Stored data
===============

(* Over undirected graphs, the node classifier $\varphi_{\mathit{GadLin}}(x)$ is not expressible in $\mathrm{C}^2$: there is no $\mathrm{C}^2$ formula $\varphi(x)$ over the signature $\{E,P_1,P_2,P_3\}$ such that for every undirected graph $G$ of dimension 3 and every node $v$ of $G$, $G\models\varphi(v)$ iff $G$ is isomorphic to $\mathsf{gad}(G')$ for some directed graph $G'$ whose edge relation is a strict linear order.
   Context: A directed graph of dimension $d$ is $G=(V,E,\lambda)$ with $V$ finite, $E\subseteq V\times V$ without loops, $\lambda:V\to\{0,1\}^d$; it is viewed as a first-order structure with relation $E$ and unary predicates $P_i=\{v:\lambda(v)_i=1\}$. Undirected graphs are directed graphs with symmetric $E$; $\{v,w\}$ denotes the pair $(v,w),(w,v)$. $\mathrm{C}^2$ is the fragment of first-order logic with equality using only two variables $x,y$ but allowing counting quantifiers $\exists_k$ for every $k\in\mathbb{N}$ ("at least $k$ distinct elements such that"). The gadgetisation $\mathsf{gad}(G)$ of a directed graph $G=(V,E,\lambda)$ is the undirected graph $(V',E',\lambda')$ of dimension 3 such that for each edge $(u,w)\in E$: $V'$ contains $v_u^1, v_{(u,w)}^2, v_{(u,w)}^3, v_w^1$; $E'$ contains $\{v_u^1,v_{(u,w)}^2\}$, $\{v_{(u,w)}^2,v_{(u,w)}^3\}$, $\{v_{(u,w)}^3,v_w^1\}$; $\lambda'(v_u^1)=\lambda'(v_w^1)=(1,0,0)$, $\lambda'(v^2_{(u,w)})=(0,1,0)$, $\lambda'(v^3_{(u,w)})=(0,0,1)$ (no other nodes or edges). A strict linear order is an irreflexive, transitive, total relation. $\varphi_{\mathit{GadLin}}(x)$ accepts a node of $G$ iff $G$ is isomorphic to $\mathsf{gad}(G')$ for some strict linear order $G'$. *)

theory Defs
  imports Main
begin

(* A (labelled) directed graph: vertex set, edge relation, labelling.
   lab v i is coordinate i+1 of lambda(v) (i.e. v \<in> P_(i+1)); only
   coordinates i < d matter for a graph of dimension d. *)
record 'a graph =
  verts :: "'a set"
  edges :: "('a \<times> 'a) set"
  lab   :: "'a \<Rightarrow> nat \<Rightarrow> bool"

definition dgraph :: "'a graph \<Rightarrow> bool" where
  "dgraph G \<longleftrightarrow> finite (verts G) \<and> edges G \<subseteq> verts G \<times> verts G
      \<and> (\<forall>v. (v, v) \<notin> edges G)"

definition ugraph :: "'a graph \<Rightarrow> bool" where
  "ugraph G \<longleftrightarrow> dgraph G \<and> sym (edges G)"

definition graph_iso :: "nat \<Rightarrow> 'a graph \<Rightarrow> 'b graph \<Rightarrow> bool" where
  "graph_iso d G H \<longleftrightarrow> (\<exists>f. bij_betw f (verts G) (verts H)
      \<and> (\<forall>u\<in>verts G. \<forall>w\<in>verts G. (u, w) \<in> edges G \<longleftrightarrow> (f u, f w) \<in> edges H)
      \<and> (\<forall>v\<in>verts G. \<forall>i<d. lab G v i = lab H (f v) i))"

datatype 'a gnode = N1 'a | N2 "'a \<times> 'a" | N3 "'a \<times> 'a"

definition gad :: "'a graph \<Rightarrow> 'a gnode graph" where
  "gad G = \<lparr> verts = (\<Union>(u, w)\<in>edges G. {N1 u, N2 (u, w), N3 (u, w), N1 w}),
             edges = (\<Union>(u, w)\<in>edges G.
                 {(N1 u, N2 (u, w)), (N2 (u, w), N1 u),
                  (N2 (u, w), N3 (u, w)), (N3 (u, w), N2 (u, w)),
                  (N3 (u, w), N1 w), (N1 w, N3 (u, w))}),
             lab = (\<lambda>v i. case v of N1 _ \<Rightarrow> i = 0 | N2 _ \<Rightarrow> i = 1 | N3 _ \<Rightarrow> i = 2) \<rparr>"

datatype var = X | Y
datatype upred = P1 | P2 | P3

datatype c2 =
    CEq var var
  | CE var var
  | CP upred var
  | CNot c2
  | CAnd c2 c2
  | CEx nat var c2

fun fv :: "c2 \<Rightarrow> var set" where
  "fv (CEq x y) = {x, y}"
| "fv (CE x y) = {x, y}"
| "fv (CP p x) = {x}"
| "fv (CNot f) = fv f"
| "fv (CAnd f g) = fv f \<union> fv g"
| "fv (CEx k x f) = fv f - {x}"

fun pidx :: "upred \<Rightarrow> nat" where
  "pidx P1 = 0" | "pidx P2 = 1" | "pidx P3 = 2"

fun sat :: "'a graph \<Rightarrow> c2 \<Rightarrow> (var \<Rightarrow> 'a) \<Rightarrow> bool" where
  "sat G (CEq x y) a = (a x = a y)"
| "sat G (CE x y) a = ((a x, a y) \<in> edges G)"
| "sat G (CP p x) a = lab G (a x) (pidx p)"
| "sat G (CNot f) a = (\<not> sat G f a)"
| "sat G (CAnd f g) a = (sat G f a \<and> sat G g a)"
| "sat G (CEx k x f) a = (k \<le> card {v \<in> verts G. sat G f (a(x := v))})"

end

theory Submission
  imports Defs "HOL-Library.Countable"
begin

(* Let L be the strict linear order on 0, ..., n - 1 and F the relation obtained from L by
   reversing the single pair (a, a + 2), so that F contains the triangle a, a + 1, a + 2.
   An isomorphism from gad F onto gad G' sends the three gadget paths of the triangle to a
   3-cycle of G', so gad F is not the gadgetisation of a strict linear order, while gad L is.

   Nevertheless a C2 formula of quantifier depth M whose counting quantifiers are bounded
   by K cannot separate N1 0 in gad L from N1 0 in gad F when a and n - a are large.
   Colour every gadget node by its kind and by the positions of its endpoints, recorded
   exactly within distance D of either end of the order and blurred to Mid in between.
   With B = K + 3, nodes whose colours agree at resolution D + B have, for every colour at
   resolution D, either equally many neighbours of that colour or at least K neighbours and
   K non-neighbours of it; as gad L and gad F also have equally many nodes of each colour,
   Duplicator wins the M-round counting game by keeping the pebbled nodes equal in colour at
   resolution (m + 1) B while m rounds remain. *)

section \<open>Counting games\<close>

fun qdepth :: "c2 \<Rightarrow> nat" where
  "qdepth (CEq x y) = 0"
| "qdepth (CE x y) = 0"
| "qdepth (CP p x) = 0"
| "qdepth (CNot f) = qdepth f"
| "qdepth (CAnd f g) = max (qdepth f) (qdepth g)"
| "qdepth (CEx k x f) = Suc (qdepth f)"

fun count_bound :: "c2 \<Rightarrow> nat" where
  "count_bound (CEq x y) = 0"
| "count_bound (CE x y) = 0"
| "count_bound (CP p x) = 0"
| "count_bound (CNot f) = count_bound f"
| "count_bound (CAnd f g) = max (count_bound f) (count_bound g)"
| "count_bound (CEx k x f) = max k (count_bound f)"

definition atomic_match ::
    "'a graph \<Rightarrow> 'b graph \<Rightarrow> ('a \<Rightarrow> 'b \<Rightarrow> bool) \<Rightarrow> (var \<Rightarrow> 'a) \<Rightarrow> (var \<Rightarrow> 'b) \<Rightarrow> bool" where
  "atomic_match G H R a b \<longleftrightarrow> (\<forall>u. a u \<in> verts G \<and> b u \<in> verts H \<and> R (a u) (b u) \<and>
      (\<forall>w. (a u = a w \<longleftrightarrow> b u = b w) \<and> ((a u, a w) \<in> edges G \<longleftrightarrow> (b u, b w) \<in> edges H)))"

text \<open>Duplicator's answer in the counting pebble game to a set \<open>A\<close> of at most \<open>K\<close>
  nodes, while \<open>x\<close> and \<open>x'\<close> carry the other pebble pair.\<close>

definition counting_forth ::
    "nat \<Rightarrow> 'a graph \<Rightarrow> 'b graph \<Rightarrow> ('a \<Rightarrow> 'b \<Rightarrow> bool) \<Rightarrow> ('a \<Rightarrow> 'b \<Rightarrow> bool) \<Rightarrow> bool" where
  "counting_forth K G H R R' \<longleftrightarrow> (\<forall>x x' A. R x x' \<longrightarrow> x \<in> verts G \<longrightarrow> x' \<in> verts H \<longrightarrow>
     A \<subseteq> verts G \<longrightarrow> card A \<le> K \<longrightarrow>
     (\<exists>g. inj_on g A \<and> g ` A \<subseteq> verts H \<and> (\<forall>v\<in>A. R' v (g v) \<and> (v = x \<longleftrightarrow> g v = x') \<and>
         ((x, v) \<in> edges G \<longleftrightarrow> (x', g v) \<in> edges H))))"

definition counting_bisim ::
    "nat \<Rightarrow> nat \<Rightarrow> 'a graph \<Rightarrow> 'b graph \<Rightarrow> (nat \<Rightarrow> 'a \<Rightarrow> 'b \<Rightarrow> bool) \<Rightarrow> bool" where
  "counting_bisim K M G H R \<longleftrightarrow>
     (\<forall>m x x'. R m x x' \<longrightarrow> lab G x = lab H x') \<and>
     (\<forall>m x x'. R (Suc m) x x' \<longrightarrow> R m x x') \<and>
     (\<forall>m<M. counting_forth K G H (R (Suc m)) (R m) \<and>
            counting_forth K H G (R (Suc m))\<inverse>\<inverse> (R m)\<inverse>\<inverse>)"

lemma atomic_match_upd:
  assumes match: "atomic_match G H R a b" and R: "\<And>v v'. R v v' \<Longrightarrow> R' v v'"
    and G: "ugraph G" and H: "ugraph H" and yx: "y \<noteq> x"
    and v: "v \<in> verts G" "v' \<in> verts H" "R' v v'"
    and eq: "v = a y \<longleftrightarrow> v' = b y"
    and edge: "(a y, v) \<in> edges G \<longleftrightarrow> (b y, v') \<in> edges H"
  shows "atomic_match G H R' (a(x := v)) (b(x := v'))"
proof -
  have irrefl: "(w, w) \<notin> edges G" "(w', w') \<notin> edges H" for w w'
    using G H by (auto simp: ugraph_def dgraph_def)
  have edge': "(v, a y) \<in> edges G \<longleftrightarrow> (v', b y) \<in> edges H"
    using edge G H by (auto simp: ugraph_def dest: symD)
  have xy: "u = x \<or> u = y" for u
    using yx by (cases u; cases x; cases y) auto
  have ay: "a y \<in> verts G" "b y \<in> verts H" "R' (a y) (b y)"
    using match R by (auto simp: atomic_match_def)
  show ?thesis
    unfolding atomic_match_def
  proof (intro allI conjI)
    fix u w
    show "(a(x := v)) u \<in> verts G" "(b(x := v')) u \<in> verts H"
      "R' ((a(x := v)) u) ((b(x := v')) u)"
      using xy[of u] ay v yx by auto
    show "((a(x := v)) u = (a(x := v)) w) = ((b(x := v')) u = (b(x := v')) w)"
      using xy[of u] xy[of w] yx eq by auto
    show "(((a(x := v)) u, (a(x := v)) w) \<in> edges G) = (((b(x := v')) u, (b(x := v')) w) \<in> edges H)"
      using xy[of u] xy[of w] yx edge edge' irrefl by auto
  qed
qed

lemma atomic_match_conversep: "atomic_match G H R a b \<Longrightarrow> atomic_match H G R\<inverse>\<inverse> b a"
  by (auto simp: atomic_match_def)

lemma card_sat_le_if_counting_forth:
  assumes G: "ugraph G" and H: "ugraph H"
    and forth: "counting_forth K G H R R'" and down: "\<And>v v'. R v v' \<Longrightarrow> R' v v'"
    and match: "atomic_match G H R a b" and k: "k \<le> K"
    and sat: "\<And>a' b'. atomic_match G H R' a' b' \<Longrightarrow> sat G \<phi> a' \<Longrightarrow> sat H \<phi> b'"
    and le: "k \<le> card {v \<in> verts G. sat G \<phi> (a(x := v))}"
  shows "k \<le> card {v \<in> verts H. sat H \<phi> (b(x := v))}"
proof -
  obtain y where yx: "y \<noteq> x"
    by (metis var.distinct(1))
  have y: "R (a y) (b y)" "a y \<in> verts G" "b y \<in> verts H"
    using match by (auto simp: atomic_match_def)
  obtain A where A: "A \<subseteq> {v \<in> verts G. sat G \<phi> (a(x := v))}" "card A = k"
    using obtain_subset_with_card_n[OF le] by metis
  then have "A \<subseteq> verts G" "card A \<le> K"
    using k by auto
  then obtain g where g: "inj_on g A" "g ` A \<subseteq> verts H"
      "\<forall>v\<in>A. R' v (g v) \<and> (v = a y \<longleftrightarrow> g v = b y) \<and> ((a y, v) \<in> edges G \<longleftrightarrow> (b y, g v) \<in> edges H)"
    using forth[unfolded counting_forth_def, rule_format, OF y] by blast
  have "sat H \<phi> (b(x := g v))" if "v \<in> A" for v
  proof (rule sat)
    show "atomic_match G H R' (a(x := v)) (b(x := g v))"
      using A g that by (intro atomic_match_upd[OF match down G H yx]) auto
    show "sat G \<phi> (a(x := v))"
      using A that by auto
  qed
  then have "g ` A \<subseteq> {v \<in> verts H. sat H \<phi> (b(x := v))}"
    using g(2) by auto
  moreover have "finite (verts H)"
    using H by (simp add: ugraph_def dgraph_def)
  ultimately show ?thesis
    using card_inj_on_le[OF g(1)] A(2) by fastforce
qed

===============

Copy out the range of lines above starting at the line with "a b \<Longrightarrow>" and ending at the line with "(a(x := v)) (b(x := g", exactly and including both.

• Problem solution:
lemma atomic_match_conversep: "atomic_match G H R a b \<Longrightarrow> atomic_match H G R\<inverse>\<inverse> b a"
  by (auto simp: atomic_match_def)

lemma card_sat_le_if_counting_forth:
  assumes G: "ugraph G" and H: "ugraph H"
    and forth: "counting_forth K G H R R'" and down: "\<And>v v'. R v v' \<Longrightarrow> R' v v'"
    and match: "atomic_match G H R a b" and k: "k \<le> K"
    and sat: "\<And>a' b'. atomic_match G H R' a' b' \<Longrightarrow> sat G \<phi> a' \<Longrightarrow> sat H \<phi> b'"
    and le: "k \<le> card {v \<in> verts G. sat G \<phi> (a(x := v))}"
  shows "k \<le> card {v \<in> verts H. sat H \<phi> (b(x := v))}"
proof -
  obtain y where yx: "y \<noteq> x"
    by (metis var.distinct(1))
  have y: "R (a y) (b y)" "a y \<in> verts G" "b y \<in> verts H"
    using match by (auto simp: atomic_match_def)
  obtain A where A: "A \<subseteq> {v \<in> verts G. sat G \<phi> (a(x := v))}" "card A = k"
    using obtain_subset_with_card_n[OF le] by metis
  then have "A \<subseteq> verts G" "card A \<le> K"
    using k by auto
  then obtain g where g: "inj_on g A" "g ` A \<subseteq> verts H"
      "\<forall>v\<in>A. R' v (g v) \<and> (v = a y \<longleftrightarrow> g v = b y) \<and> ((a y, v) \<in> edges G \<longleftrightarrow> (b y, g v) \<in> edges H)"
    using forth[unfolded counting_forth_def, rule_format, OF y] by blast
  have "sat H \<phi> (b(x := g v))" if "v \<in> A" for v
  proof (rule sat)
    show "atomic_match G H R' (a(x := v)) (b(x := g v))"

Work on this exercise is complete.